Derivations, quantum Dirichlet forms, and deformation/rigidity theory in von Neumann algebras

冯诺依曼代数中的导数、量子狄利克雷形式和变形/刚性理论

• 批准号: 0901510
• 负责人: Jesse Peterson
• 金额: $ 12.43万
• 依托单位: Vanderbilt University
• 依托单位国家: 美国
• 项目类别: Standard Grant
• 财政年份: 2009
• 资助国家: 美国
• 起止时间: 2009-06-15 至 2012-05-31
• 项目状态: 已结题
• 来源: https://www.nsf.gov/awardsearch/showAward?AWD_ID=0901510&HistoricalAwards=false
• 关键词: Derivations; quantum; Dirichlet; forms; deformation

This award is funded under the American Recovery and Reinvestment Act of 2009 (Public Law 111-5). The theory of von Neumann algebras is a non-commutative integration theory which was first developed by F. Murray and J. von Neumann as a tool for understanding representation theory for groups as well as providing a mathematical framework for quantum mechanics.

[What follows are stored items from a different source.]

lemma tpow_eq_poly_on_knot_free:
  assumes "0 < r" "\<tau> \<notin> {c<..<d}"
  shows "\<exists>q. degree q \<le> r \<and> (\<forall>x\<in>{c..d}. tpow \<sigma> r (x - \<tau>) = poly q x)"
proof (cases "(\<tau> \<le> c \<and> 0 < \<sigma>) \<or> (d \<le> \<tau> \<and> \<sigma> < 0)")
  case True
  define q where "q = smult (1 / fact r) ([:-\<tau>, 1:] ^ r)"
  have "tpow \<sigma> r (x - \<tau>) = poly q x" if "x \<in> {c..d}" for x
  proof (cases "x = \<tau>")
    case False
    with True that have "0 < \<sigma> * (x - \<tau>)"
      by (auto simp: zero_less_mult_iff)
    then show ?thesis
      by (simp add: tpow_def q_def poly_power)
  qed (use \<open>0 < r\<close> in \<open>simp add: q_def poly_power\<close>)
  moreover have "degree q \<le> r"
    by (simp add: q_def degree_linear_power)
  ultimately show ?thesis
    by blast
next
  case False
  have "tpow \<sigma> r (x - \<tau>) = poly 0 x" if "x \<in> {c..d}" for x
  proof -
    have "\<sigma> * (x - \<tau>) \<le> 0"
      using False that assms(2) by (auto simp: mult_le_0_iff)
    then show ?thesis
      by simp
  qed
  then show ?thesis
    by (intro exI[of _ 0]) simp
qed

lemma tspline_eq_poly_on_knot_free:
  assumes "finite M" "0 < r" "\<And>m. m \<in> M \<Longrightarrow> \<tau> m \<notin> {c<..<d}"
  shows "\<exists>q. degree q \<le> r \<and> (\<forall>x\<in>{c..d}. tspline \<sigma> r M a \<tau> x = poly q x)"
proof -
  have "\<forall>m\<in>M. \<exists>q. degree q \<le> r \<and> (\<forall>x\<in>{c..d}. tpow \<sigma> r (x - \<tau> m) = poly q x)"
    using tpow_eq_poly_on_knot_free[OF assms(2,3)] by blast
  from bchoice[OF this] obtain q
    where q: "\<forall>m\<in>M. degree (q m) \<le> r \<and> (\<forall>x\<in>{c..d}. tpow \<sigma> r (x - \<tau> m) = poly (q m) x)"
    by blast
  have "degree (smult (a m) (q m)) \<le> r" if "m \<in> M" for m
    using degree_smult_le[of "a m" "q m"] q that by fastforce
  then have "degree (\<Sum>m\<in>M. smult (a m) (q m)) \<le> r"
    by (rule degree_sum_le[OF assms(1)])
  moreover have "tspline \<sigma> r M a \<tau> x = poly (\<Sum>m\<in>M. smult (a m) (q m)) x" if "x \<in> {c..d}" for x
    using q that by (simp add: tspline_def poly_sum)
  ultimately show ?thesis
    by blast
qed

lemma poly_tspline_has_vector_derivative:
  assumes "Suc n < r"
  shows "((\<lambda>x. poly ((pderiv ^^ n) p) x + tspline \<sigma> (r - n) M a \<tau> x) has_vector_derivative
           poly ((pderiv ^^ Suc n) p) x + tspline \<sigma> (r - Suc n) M a \<tau> x) (at x within S)"
proof -
  have "r - n - 1 = r - Suc n"
    by simp
  then have "((\<lambda>x. poly ((pderiv ^^ n) p) x + tspline \<sigma> (r - n) M a \<tau> x) has_real_derivative
           poly ((pderiv ^^ Suc n) p) x + tspline \<sigma> (r - Suc n) M a \<tau> x) (at x)"
    using assms by (auto intro!: DERIV_add poly_DERIV tspline_has_real_derivative[THEN DERIV_cong])
  then show ?thesis
    by (simp add: has_real_derivative_iff_has_vector_derivative has_vector_derivative_at_within)
qed

lemma Ck_on_poly_tspline:
  assumes "0 < r" "c \<le> d" "\<And>x. x \<in> {c..d} \<Longrightarrow> f x = poly p x + tspline \<sigma> r M a \<tau> x"
  shows "Ck_on (r - 1) {c..d} f"
proof (rule Ck_on_derivative_chain[where F = "\<lambda>n x. poly ((pderiv ^^ n) p) x + tspline \<sigma> (r - n) M a \<tau> x"])
  show "continuous_on {c..d} (\<lambda>x. poly ((pderiv ^^ (r - 1)) p) x + tspline \<sigma> (r - (r - 1)) M a \<tau> x)"
    using assms(1) by (intro continuous_on_add continuous_on_tspline) (auto intro: continuous_intros)
qed (use assms in \<open>auto simp del: funpow.simps intro: poly_tspline_has_vector_derivative\<close>)

lemma ider_poly_tspline:
  assumes "c < d" "n < r" "x \<in> {c..d}" "\<And>x. x \<in> {c..d} \<Longrightarrow> f x = poly p x + tspline \<sigma> r M a \<tau> x"
  shows "ider n {c..d} f x = poly ((pderiv ^^ n) p) x + tspline \<sigma> (r - n) M a \<tau> x"
  by (rule ider_eq_derivative_chain[where F = "\<lambda>n x. poly ((pderiv ^^ n) p) x + tspline \<sigma> (r - n) M a \<tau> x"
        and m = "r - 1"]) (use assms in \<open>auto simp del: funpow.simps intro: poly_tspline_has_vector_derivative\<close>)

lemma exists_pderiv_eq:
  fixes p :: "'a::field_char_0 poly"
  shows "\<exists>q. pderiv q = p \<and> degree q \<le> Suc (degree p)"
proof -
  define q where "q = Poly (0 # map (\<lambda>i. coeff p i / of_nat (Suc i)) [0..<Suc (degree p)])"
  have coeff_q: "coeff q (Suc n) = coeff p n / of_nat (Suc n)" for n
    by (cases "n \<le> degree p") (auto simp: q_def nth_default_def coeff_eq_0 simp del: upt_Suc)
  have "pderiv q = p"
    by (rule poly_eqI) (simp add: coeff_pderiv coeff_q del: of_nat_Suc)
  moreover have "degree q \<le> Suc (degree p)"
  proof (rule degree_le, intro allI impI)
    fix i assume "Suc (degree p) < i"
    then show "coeff q i = 0"
      by (cases i) (auto simp: coeff_q coeff_eq_0)
  qed
  ultimately show ?thesis
    by blast
qed

lemma poly_if_integral_chain_const:
  fixes \<phi> :: "nat \<Rightarrow> real \<Rightarrow> real"
  assumes "\<And>l x. l < n \<Longrightarrow> x \<in> {c..d} \<Longrightarrow> (\<phi> (Suc l) has_integral \<phi> l x - \<phi> l c) {c..x}"
    and "\<And>x. x \<in> {c..d} \<Longrightarrow> \<phi> n x = \<phi> n c"
  shows "\<exists>p. degree p \<le> n \<and> (\<forall>x\<in>{c..d}. \<phi> 0 x = poly p x)"
  using assms
proof (induction n arbitrary: \<phi>)
  case 0
  show ?case
  proof (intro exI[of _ "[:\<phi> 0 c:]"] conjI ballI)
    fix x assume "x \<in> {c..d}"
    then show "\<phi> 0 x = poly [:\<phi> 0 c:] x"
      using "0.prems"(2)[of x] by simp
  qed simp
next
  case (Suc n)
  have "\<exists>p. degree p \<le> n \<and> (\<forall>x\<in>{c..d}. \<phi> (Suc 0) x = poly p x)"
  proof (rule Suc.IH[of "\<lambda>l. \<phi> (Suc l)"])
    fix l x assume "l < n" "x \<in> {c..d}"
    then show "(\<phi> (Suc (Suc l)) has_integral \<phi> (Suc l) x - \<phi> (Suc l) c) {c..x}"
      using Suc.prems(1)[of "Suc l" x] by simp
  qed (rule Suc.prems(2))
  then obtain p where p: "degree p \<le> n" "\<And>x. x \<in> {c..d} \<Longrightarrow> \<phi> (Suc 0) x = poly p x"
    by blast
  obtain Q where Q: "pderiv Q = p" "degree Q \<le> Suc (degree p)"
    using exists_pderiv_eq by blast
  have increment: "\<phi> 0 x - \<phi> 0 c = poly Q x - poly Q c" if x: "x \<in> {c..d}" for x
  proof (rule has_integral_unique)
    show "(\<phi> (Suc 0) has_integral \<phi> 0 x - \<phi> 0 c) {c..x}"
      using Suc.prems(1)[of 0 x] x by simp
    have "(poly p has_integral poly Q x - poly Q c) {c..x}"
      using x Q(1) by (intro fundamental_theorem_of_calculus) (auto intro: poly_has_vector_derivative_within)
    then show "(\<phi> (Suc 0) has_integral poly Q x - poly Q c) {c..x}"
      by (rule has_integral_eq[rotated]) (use x p(2) in simp)
  qed
  have "poly (Q + [:e:]) x = poly Q x + e" for e x
    by simp
  then have "\<forall>x\<in>{c..d}. \<phi> 0 x = poly (Q + [:\<phi> 0 c - poly Q c:]) x"
    using increment by fastforce
  moreover have "degree (Q + [:\<phi> 0 c - poly Q c:]) \<le> Suc n"
    using Q(2) p(1) degree_add_le[of Q "Suc n" "[:\<phi> 0 c - poly Q c:]"] by simp
  ultimately show ?case
    by blast
qed

definition sobolev_chain :: "nat \<Rightarrow> (real \<Rightarrow> real) \<Rightarrow> (nat \<Rightarrow> real \<Rightarrow> real) \<Rightarrow> bool" where
  "sobolev_chain k f g \<longleftrightarrow> (\<forall>t\<in>{0..1}. g 0 t = f t)
     \<and> (\<forall>l<k. \<forall>t\<in>{0..1}. (g (Suc l) has_integral g l t - g l 0) {0..t})"

lemma sobolev_H_iff:
  "f \<in> sobolev_H k \<longleftrightarrow> (\<exists>g. sobolev_chain k f g \<and> g k absolutely_integrable_on {0..1}
     \<and> (\<lambda>t. (g k t)\<^sup>2) integrable_on {0..1})"
  by (auto simp: sobolev_H_def sobolev_chain_def)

Recently the appearance of new rigidity phenomena in von Neumann algebras has led to deeper understanding and to the solutions to many longstanding problems both in von Neumann algebras and in other areas such as orbit equivalence ergodic theory and measurable equivalence relations. There has also emerged recently a connection between deformation/rigidity theory, free probability, group cohomology, and derivations/quantum Dirichlet forms on von Neumann algebras. It is the intent of this author to investigate these new connections in order to gain more understanding of the relationship which is developing, and to use this understanding in order to approach some deep problems from new perspectives.

该奖项是根据2009年《美国复苏和再投资法案》(公法111-5)提供资金的。Von Neumann代数理论是由F.Murray和J.von Neumann最先发展起来的一种非对易积分理论，用于理解群的表示理论以及为量子力学提供一个数学框架。最近，von Neumann代数中新的刚性现象的出现，加深了人们对von Neumann代数以及轨道等价、遍历理论和可测等价关系等领域中许多长期存在的问题的理解和解决。最近也出现了von Neumann代数上的形变/刚性理论、自由概率、群上同调和导子/量子Dirichlet形式之间的联系。本文的目的是探讨这些新的联系，以便更多地了解正在发展的关系，并利用这种理解从新的角度来探讨一些深层次的问题。